I don't understand what the difference is between "an ARM chip with native x86 translation" and a dual-ISA x86 and ARM chip.

And I don't understand why you'd want a dual-ISA x86 and ARM rather than just an x86 chip. You wouldn't get whatever CPU front-end simplicity advantages there are from ARM, since your front-end would get significantly more complex and consume significantly more transistors than with a normal x86 chip. And I don't think there's a market of people who want ARM for compatibility reason; any Windows software which supports ARM also supports x86.

What they could do is to release an ARM chip with a slightly extended ISA to add the select features which are difficult to emulate in software, such as loads and stores with the memory ordering guarantees x86 provides but ARM doesn't. Apple does this AFAIK, and it's one part of why Rosetta 2 is so good. But any ARM CPU maker could do this.

I think the core question is whether hardware-accelerated translation could be meaningfully faster than software like Rosetta 2/Prism while avoiding the full dual-ISA complexity you're describing. Rather than literally implementing both instruction sets, it might be more like an ARM chip with specialized translation units and the extended ISA features you mentioned (memory ordering, etc.).

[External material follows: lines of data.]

(* Let $R\subset\mathbb{R}^N$ be a finite reduced root system with positive roots $R_+$ and multiplicity function $\kappa$, with Dunkl operators $\mathcal{D}_i$ as in the context. For $a,b\in\mathbb{R}^N$ set $J_{a,b}=\langle a,x\rangle\langle b,\nabla_\kappa\rangle-\langle b,x\rangle\langle a,\nabla_\kappa\rangle$ and $\mathcal{J}=\sum_{1\le i<j\le N}J_{\varepsilon_i,\varepsilon_j}^2$, where $\varepsilon_i$ are the standard unit vectors. Then, as operators on polynomials, \[ \mathcal{J}=|x|^2\Delta_\kappa-\langle x,\nabla_\kappa\rangle^2-(N-2)\langle x,\nabla_\kappa\rangle-2\sum_{v\in R_+}\kappa_v\sigma_v\langle x,\nabla_\kappa\rangle . \]
   Context: Vectors in $\mathbb{R}^N$ are row vectors, $\langle x,y\rangle=\sum x_iy_i$, $|x|^2=\langle x,x\rangle$. For $v\neq0$, $x\sigma_v=x-2\frac{\langle x,v\rangle}{|v|^2}v$. A finite reduced root system is a finite set $R$ of nonzero vectors with $u\sigma_v\in R$ for $u,v\in R$ and such that $u,cu\in R$ implies $c=\pm1$; $W(R)$ is the group generated by the $\sigma_v$; $R_+=\{v\in R:\langle u_0,v\rangle>0\}$ for a fixed $u_0$ with $\langle u_0,v\rangle\ne0$ for all $v\in R$. A multiplicity function $v\mapsto\kappa_v$ is constant on $W(R)$-orbits (values real or formal parameters). Dunkl operators: $\mathcal{D}_if(x)=\partial_if(x)+\sum_{v\in R_+}\kappa_v\frac{f(x)-f(x\sigma_v)}{\langle x,v\rangle}v_i$; $\langle a,\nabla_\kappa\rangle=\sum_ia_i\mathcal{D}_i$; $\langle x,\nabla_\kappa\rangle=\sum_ix_i\mathcal{D}_i$; $\Delta_\kappa=\sum_i\mathcal{D}_i^2$. The operator $\sigma_v$ acts by $(\sigma_vf)(x)=f(x\sigma_v)$; $\langle a,x\rangle$ and $|x|^2$ act by multiplication. *)

theory Defs
  imports "HOL-Analysis.Analysis"
begin

type_synonym 'n fn = "(real^'n) \<Rightarrow> real"
text \<open>The key construction: if 2^K < deg f < 2^(K+1), the symmetric multiplier
  g with weights c(t) = a(2^K + t) + [t = 0] has degree deg f - 2^K, while
  g f has degree below 2^K.\<close>
lemma symmetric_low_degree_multiplier:
  fixes M :: nat
  assumes "symmetric_bf n f" "M = 2 ^ K" "M < alg_deg n f" "alg_deg n f < 2 * M"
  obtains g where "alg_deg n g = alg_deg n f - M" "alg_deg n (bf_mult g f) < M"
proof -
  define d where "d = alg_deg n f"
  obtain a where a_high: "\<And>t. d < t \<Longrightarrow> a t = 0" and a_d: "a d = 1"
    and f_eq: "\<And>S. S \<subseteq> {..<n} \<Longrightarrow> f S = sym_fun (bin_tr a) S"
    using symmetric_bf_anf_weights[OF assms(1)] assms(3) d_def by (metis gr_zeroI not_less0)
  define c where "c t = a (M + t) + (if t = 0 then 1 else 0)" for t
  define g where "g = sym_fun (bin_tr c)"
  have deg_g: "alg_deg n g = d - M"
  proof (rule antisym)
    show "alg_deg n g \<le> d - M"
      unfolding g_def
      by (rule alg_deg_sym_fun_le) (use a_high in \<open>auto simp: bin_tr_involution c_def\<close>)
    have "bin_tr (bin_tr c) (d - M) = 1"
      using a_d assms(3) d_def by (simp add: bin_tr_involution c_def)
    then show "d - M \<le> alg_deg n g"
      unfolding g_def by (rule alg_deg_sym_fun_ge) (use alg_deg_le_n[of n f] d_def in simp)
  qed
  have "alg_deg n (bf_mult g f) = alg_deg n (sym_fun (\<lambda>s. bin_tr c s * bin_tr a s))"
    by (rule alg_deg_cong) (simp add: g_def f_eq bf_mult_sym_fun[symmetric] bf_mult_def)
  also have "\<dots> \<le> M - 1"
  proof (rule alg_deg_sym_fun_le)
    fix t assume "M - 1 < t"
    then show "bin_tr (\<lambda>s. bin_tr c s * bin_tr a s) t = 0"
      by (intro multiplier_kills_high_weights[OF assms(2) a_high])
        (use assms(4) d_def in \<open>auto simp: c_def fun_eq_iff\<close>)
  qed
  finally have "alg_deg n (bf_mult g f) \<le> M - 1" .
  moreover have "0 < M" using assms(2) by simp
  ultimately have "alg_deg n (bf_mult g f) < M" by linarith
  then show ?thesis using that deg_g d_def by blast
qed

Intel's unique position with x86 IP could make this feasible where others can't, but whether the engineering effort is worth it for what might be a short-term market advantage is debatable.

Fujitsu and Nvidia also implement (at least) TSO.

https://threedots.ovh/blog/2021/02/cpus-with-sequential-cons...

  • Denver does it because it was supposed to be an x86 CPU, but they couldn't get an agreement with Intel for patent licensing, so they pivoted into being the first available aarch64 CPU since decode was happening entirely in software.

    • Well, it has a simple hardware decoder for what would normally be the first stage of the jit.

I wonder if ARM instructions could be translated to Intel’s uOps. Then everything except that translation could be shared. And, since programs consist entirely of one type of instruction for the most part, we could imagine that the chip should be able to stick to just doing one type of translation for the duration of a program run, rather than having to figure it out for each instruction.

I’m not saying I want this, but it might be surprisingly not totally impractical.

A chunk of what you'd want (x86 alu flag generation) seems to be an extension that is incompatible with most of the arm architectural licenses which don't allow for custom extensions to user visible space. Apple is special here for reasons that probably aren't replicable.

> I don't understand what the difference is between "an ARM chip with native x86 translation" and a dual-ISA x86 and ARM chip.

Look at Apple's Rosetta 2 for an example. M-series Apple Silicon has special undocumented modes that mirror x86 architectural quirks that don't usually exist in ARM, in order to support AOT-translated machine code. The chip doesn't support x86 instructions, but it has the amenities to support x86 code. That could be what "native x86 translation" meant?

  • That's what I suggested in my comment's last paragraph. I don't think that counts as "an ARM chip with native x86 translation", but really the only person who can say whether that's what dlojudice meant is dlojudice.